Renault SA est-elle prise au piège en Russie? AvtoVAZ, son allié sur ce marché émergent -il détient 25% du capital- est en grave difficulté.

Il a creusé ses pertes sur les premiers six mois de l'année, à 19,5 milliards de roubles (659 millions d'euros), et ses ventes ont chuté de 46% sur la période, à 53,1 milliards de roubles. Dans le même temps, le constructeur doit rembourser au 30 juin prochain 58,2 milliards de roubles de dettes à court terme (1,33 milliard d'euros).

L'Etat russe a promis de venir en aide à AvtoVAZ. D'abord pour restructurer sa dette de court terme.
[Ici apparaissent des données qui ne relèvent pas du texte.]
(* Let $k\in[n-1]$ and $w\in S_n^{k\searrow}$. Let $C_1$ be an increasing $k$-chain from $u$ to $v$ and $C_2$ an increasing $1$-chain from $v$ to $w$. Apply Lenart's growth diagram to $(k,1,C_1,C_2)$, obtaining a saturated $1$-chain $C_2'$ from $u$ to some $v'$ and a saturated $k$-chain $C_1'$ from $v'$ to $w$. Then $C_2'$ is an increasing $1$-chain and $C_1'$ is an increasing $k$-chain.
   Context: Permutations in one-line notation; $wt_{i,j}$ is $w$ with positions $i<j$ swapped; $\ell$ the number of inversions. $u\lessdot w$ iff $w=ut_{i,j}$, $i<j$, $\ell(w)=\ell(u)+1$; $u\lessdot_k w$ iff moreover $i\le k<j$. A saturated $k$-chain is $v_1\lessdot_k\cdots\lessdot_k v_d$ ($d\ge1$), of length $d-1$; it is increasing if the smaller of the two values exchanged at each step strictly increases along the chain. $S_n^{k\searrow}=\{v:v(k+1)>\dots>v(n)\}$. Lenart's growth diagram: given $k_1,k_2\in[n-1]$, a saturated $k_1$-chain $C_1$ from $u$ to $v$ and a saturated $k_2$-chain $C_2$ from $v$ to $w$, write the concatenated chain with each step labelled $k_1$ or $k_2$. A local move applies to a segment $a\xrightarrow{k_1}b\xrightarrow{k_2}c$ (with $a\lessdot_{k_1}b\lessdot_{k_2}c$): there is a unique $b'\ne b$ with $a\lessdot b'\lessdot c$; if $a\lessdot_{k_2}b'\lessdot_{k_1}c$, replace the segment by $a\xrightarrow{k_2}b'\xrightarrow{k_1}c$; otherwise (then $a\lessdot_{k_2}b\lessdot_{k_1}c$) replace it by $a\xrightarrow{k_2}b\xrightarrow{k_1}c$. Apply local moves until all $k_2$-labelled steps precede all $k_1$-labelled steps; the output is the resulting saturated $k_2$-chain from $u$ to some $v'$ (same length as $C_2$) and saturated $k_1$-chain from $v'$ to $w$ (same length as $C_1$). The output does not depend on the order of moves. *)

theory Defs
  imports Main
begin

text \<open>Permutations of [n] in one-line notation are lists w of length n with
  set w = {1..n}; list index p (0-based) is position p+1.\<close>

definition is_perm :: "nat \<Rightarrow> nat list \<Rightarrow> bool" where
  "is_perm n w \<longleftrightarrow> length w = n \<and> set w = {1..n}"

text \<open>w t_{i+1,j+1}: swap the entries at 0-based list indices i and j.\<close>
definition swap_pos :: "nat list \<Rightarrow> nat \<Rightarrow> nat \<Rightarrow> nat list" where
  "swap_pos w i j = w[i := w ! j, j := w ! i]"

definition inv_num :: "nat list \<Rightarrow> nat" where
  "inv_num w = card {(i, j). i < j \<and> j < length w \<and> w ! i > w ! j}"

definition covers :: "nat \<Rightarrow> nat list \<Rightarrow> nat list \<Rightarrow> bool" where
  "covers n u w \<longleftrightarrow> is_perm n u \<and>
     (\<exists>i j. i < j \<and> j < n \<and> w = swap_pos u i j \<and> inv_num w = inv_num u + 1)"

text \<open>u \<lessdot>_k w: positions (1-based) i' \<le> k < j', i.e. 0-based i < k \<le> j.\<close>
definition kcovers :: "nat \<Rightarrow> nat \<Rightarrow> nat list \<Rightarrow> nat list \<Rightarrow> bool" where
  "kcovers n k u w \<longleftrightarrow> is_perm n u \<and>
     (\<exists>i j. i < k \<and> k \<le> j \<and> j < n \<and> w = swap_pos u i j \<and> inv_num w = inv_num u + 1)"

definition kchain :: "nat \<Rightarrow> nat \<Rightarrow> nat list list \<Rightarrow> bool" where
  "kchain n k C \<longleftrightarrow> C \<noteq> [] \<and> is_perm n (hd C) \<and>
     (\<forall>i. i + 1 < length C \<longrightarrow> kcovers n k (C ! i) (C ! (i + 1)))"

definition exch_min :: "nat list \<Rightarrow> nat list \<Rightarrow> nat" where
  "exch_min u w = Min {u ! p | p. p < length u \<and> u ! p \<noteq> w ! p}"

definition increasing_chain :: "nat list list \<Rightarrow> bool" where
  "increasing_chain C \<longleftrightarrow>
     (\<forall>i. i + 2 < length C \<longrightarrow> exch_min (C ! i) (C ! (i + 1)) < exch_min (C ! (i + 1)) (C ! (i + 2)))"

definition S_dec :: "nat \<Rightarrow> nat \<Rightarrow> nat list set" where
  "S_dec n k = {v. is_perm n v \<and> (\<forall>i j. k \<le> i \<and> i < j \<and> j < n \<longrightarrow> v ! i > v ! j)}"

text \<open>Step labels: L1 = step labelled k1 (from C_1), L2 = step labelled k2 (from C_2).
  Labelled chain: list of permutations vs and labels ts, length vs = length ts + 1.\<close>
datatype lab = L1 | L2

definition local_move :: "nat \<Rightarrow> nat \<Rightarrow> nat \<Rightarrow> nat list list \<times> lab list \<Rightarrow> nat list list \<times> lab list \<Rightarrow> bool" where
  "local_move n k1 k2 X Y \<longleftrightarrow>
    (let vs = fst X; ts = snd X; vs' = fst Y; ts' = snd Y in
     \<exists>p. p + 1 < length ts \<and> length vs = length ts + 1 \<and>
       ts ! p = L1 \<and> ts ! (p + 1) = L2 \<and> ts' = ts[p := L2, p + 1 := L1] \<and>
       (let a = vs ! p; b = vs ! (p + 1); c = vs ! (p + 2) in
         kcovers n k1 a b \<and> kcovers n k2 b c \<and>
         ((\<exists>b'. b' \<noteq> b \<and> covers n a b' \<and> covers n b' c \<and>
                kcovers n k2 a b' \<and> kcovers n k1 b' c \<and> vs' = vs[p + 1 := b'])
          \<or> ((\<forall>b'. b' \<noteq> b \<and> covers n a b' \<and> covers n b' c \<longrightarrow>
                  \<not> (kcovers n k2 a b' \<and> kcovers n k1 b' c)) \<and> vs' = vs))))"

text \<open>Growth diagram output: (C2', C1') is an output of Lenart's growth diagram on
  (k1, k2, C1, C2) if it is reached from the concatenated labelled chain by local moves
  and all k2-labelled steps precede all k1-labelled steps.\<close>
definition growth_output :: "nat \<Rightarrow> nat \<Rightarrow> nat \<Rightarrow> nat list list \<Rightarrow> nat list list
     \<Rightarrow> nat list list \<Rightarrow> nat list list \<Rightarrow> bool" where
  "growth_output n k1 k2 C1 C2 C2' C1' \<longleftrightarrow>
    (\<exists>vs. (local_move n k1 k2)\<^sup>*\<^sup>*
             (C1 @ tl C2, replicate (length C1 - 1) L1 @ replicate (length C2 - 1) L2)
             (vs, replicate (length C2 - 1) L2 @ replicate (length C1 - 1) L1)
          \<and> C2' = take (length C2) vs \<and> C1' = drop (length C2 - 1) vs)"

end

theory Submission
  imports Defs "HOL-Combinatorics.Transposition"
begin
Ensuite pour lui racheter, via la banque publique de développement Vnesheconombank, 401 milliards d'obligations.

Participation diluée

Mais le gouvernement ne veut pas être le seul à mettre la main au portefeuille. Il exige que Renault SA participe au redressement d'AvtoVAZ, sans quoi sa participation sera diluée lors d'une prochaine augmentation de capital. Moscou a donc mis, début octobre, les deux constructeurs au pied du mur. Combien sont-ils prêt à investir pour conserver leur place sur le marché russe? Telle est la question posée.

Le Français et son allié Nissan, pas au mieux de leur forme après un an de crise aigue du marché automobile, ne veulent manifestement pas injecter plus de cash dans leur partenaire russe. L'aide sera donc technique, a annoncé Renault SA. La marque au losange développera avec AvtoVAZ une voiture à partir de la plateforme de la Logan. Une solution qui revient à un transfert de technologie, souligne le constructeur.
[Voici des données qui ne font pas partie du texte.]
section \<open>Iterating a monotone map of the unit interval\<close>

lemma iterates_tendsto_least_fixed_point:
  fixes g :: "real \<Rightarrow> real" and q :: "nat \<Rightarrow> real"
  assumes cont: "continuous_on {0..1} g"
    and mono: "\<And>s t. 0 \<le> s \<Longrightarrow> s \<le> t \<Longrightarrow> t \<le> 1 \<Longrightarrow> g s \<le> g t"
    and maps_to: "\<And>s. s \<in> {0..1} \<Longrightarrow> g s \<in> {0..1}"
    and q: "q 0 = 0" "\<And>n. q (Suc n) = g (q n)" and lim: "q \<longlonglongrightarrow> x"
  shows "x \<in> {0..1}" and "g x = x" and "\<And>s. s \<in> {0..1} \<Longrightarrow> g s = s \<Longrightarrow> x \<le> s"
proof -
  have q01: "q n \<in> {0..1}" for n
  proof (induction n)
    case (Suc n)
    then show ?case using maps_to by (simp add: q)
  qed (simp add: q)
  show x01: "x \<in> {0..1}"
    using closed_atLeastAtMost q01 lim by (rule closed_sequentially)
  have "(\<lambda>n. g (q n)) \<longlonglongrightarrow> g x"
    using continuous_on_tendsto_compose[OF cont lim x01] q01 by simp
  moreover have "(\<lambda>n. g (q n)) \<longlonglongrightarrow> x"
    using LIMSEQ_Suc[OF lim] by (simp add: q)
  ultimately show "g x = x" by (rule LIMSEQ_unique)
  fix s assume s: "s \<in> {0..1}" "g s = s"
  have "q n \<le> s" for n
  proof (induction n)
    case (Suc n)
    then have "g (q n) \<le> g s" using q01[of n] s(1) by (intro mono) auto
    then show ?case by (simp add: q s(2))
  qed (use s in \<open>simp add: q\<close>)
  then show "x \<le> s" using lim by (intro LIMSEQ_le_const2) auto
qed

section \<open>Subtrees of Galton--Watson trees\<close>

lemma gw_gen_iff:
  "w \<in> gw_gen \<omega> n \<longleftrightarrow> length w = n \<and> (\<forall>k<n. w ! k \<in> \<omega> (take k w))"
proof (induction n arbitrary: w)
  case (Suc n)
  show ?case
  proof
    assume "w \<in> gw_gen \<omega> (Suc n)"
    then obtain a j where "w = a @ [j]" "a \<in> gw_gen \<omega> n" "j \<in> \<omega> a" by auto
    then show "length w = Suc n \<and> (\<forall>k<Suc n. w ! k \<in> \<omega> (take k w))"
      using Suc.IH by (auto simp: nth_append less_Suc_eq)
  next
    assume w: "length w = Suc n \<and> (\<forall>k<Suc n. w ! k \<in> \<omega> (take k w))"
    then obtain a j where a: "w = a @ [j]"
      by (metis length_Suc_conv_rev)
    with w have "a \<in> gw_gen \<omega> n" "j \<in> \<omega> a"
      using Suc.IH by (auto simp: nth_append less_Suc_eq)
    with a show "w \<in> gw_gen \<omega> (Suc n)" by auto
  qed
qed simp

lemma gw_tree_iff: "w \<in> gw_tree \<omega> \<longleftrightarrow> (\<forall>k<length w. w ! k \<in> \<omega> (take k w))"
  unfolding gw_tree_def by (simp add: gw_gen_iff)

lemma snoc_in_gw_tree_iff: "a @ [i] \<in> gw_tree \<omega> \<longleftrightarrow> a \<in> gw_tree \<omega> \<and> i \<in> \<omega> a"
  by (auto simp: gw_tree_iff nth_append less_Suc_eq)

lemma is_tree_gw_tree: "is_tree (gw_tree \<omega>)"
  unfolding is_tree_def by (auto simp: gw_tree_iff nth_append)

lemma upclosure_mono: "X \<in> upclosure \<A> \<Longrightarrow> X \<subseteq> Y \<Longrightarrow> Y \<in> upclosure \<A>"
  unfolding upclosure_def by auto

fun has_subtree_upto :: "'a set set \<Rightarrow> nat \<Rightarrow> ('a list \<Rightarrow> 'a set) \<Rightarrow> bool" where
  "has_subtree_upto \<A> 0 \<omega> = True"
| "has_subtree_upto \<A> (Suc n) \<omega> =
     ({i \<in> \<omega> []. has_subtree_upto \<A> n (\<lambda>b. \<omega> (i # b))} \<in> upclosure \<A>)"

lemma has_subtree_upto_cong:
  "(\<And>w. length w < n \<Longrightarrow> \<omega> w = \<omega>' w) \<Longrightarrow> has_subtree_upto \<A> n \<omega> = has_subtree_upto \<A> n \<omega>'"
proof (induction n arbitrary: \<omega> \<omega>')
  case (Suc n)
  have "has_subtree_upto \<A> n (\<lambda>b. \<omega> (i # b)) = has_subtree_upto \<A> n (\<lambda>b. \<omega>' (i # b))" for i
    by (rule Suc.IH) (simp add: Suc.prems)
  then show ?case using Suc.prems[of "[]"] by simp
qed simp

lemma has_subtree_upto_antimono:
  "m \<le> n \<Longrightarrow> has_subtree_upto \<A> n \<omega> \<Longrightarrow> has_subtree_upto \<A> m \<omega>"
proof (induction m arbitrary: n \<omega>)
  case (Suc m)
  then obtain n' where n: "n = Suc n'" "m \<le> n'"
    by (metis Suc_le_D Suc_le_mono)
  have "{i \<in> \<omega> []. has_subtree_upto \<A> n' (\<lambda>b. \<omega> (i # b))}
      \<subseteq> {i \<in> \<omega> []. has_subtree_upto \<A> m (\<lambda>b. \<omega> (i # b))}"
    using Suc.IH n(2) by blast
  with Suc.prems n(1) show ?case by (auto intro: upclosure_mono)
qed simp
Des négociations sont en cours avec le gouvernement russe afin de déterminer quelle sera l'ampleur de ces transferts et la valeur qu'il est possible de leur attribuer, afin de déterminer si, oui ou non, l'Alliance sera diluée au capital.

Renault-Nissan semble avoir donc trouvé une parade pour se sortir du bourbier russe. Leur investissement technologique suffira-t-il à satisfaire Moscou?

Risque de 450 millions d'euros

En cas d'échec, le risque d'y laisser des plumes existe, mais n'inquiète pas terriblement les investisseurs. "AvtoVAZ représente 300 millions d'euros de valeur d'inventaire dans les comptes de Renault SA, à quoi il faut ajouter 150 millions de créances", relève Gaëtan Toulemonde, analyste chez Deutsche Bank. "Donc, dans le pire des cas, cette somme de 450 millions d'euros sera passée par pertes et profits", ajoute-t-il.

La prise de participation de 25% de Renault-Nissan dans le capital du russe avait coûté 1 milliard de dollars (près de 670 millions d'euros).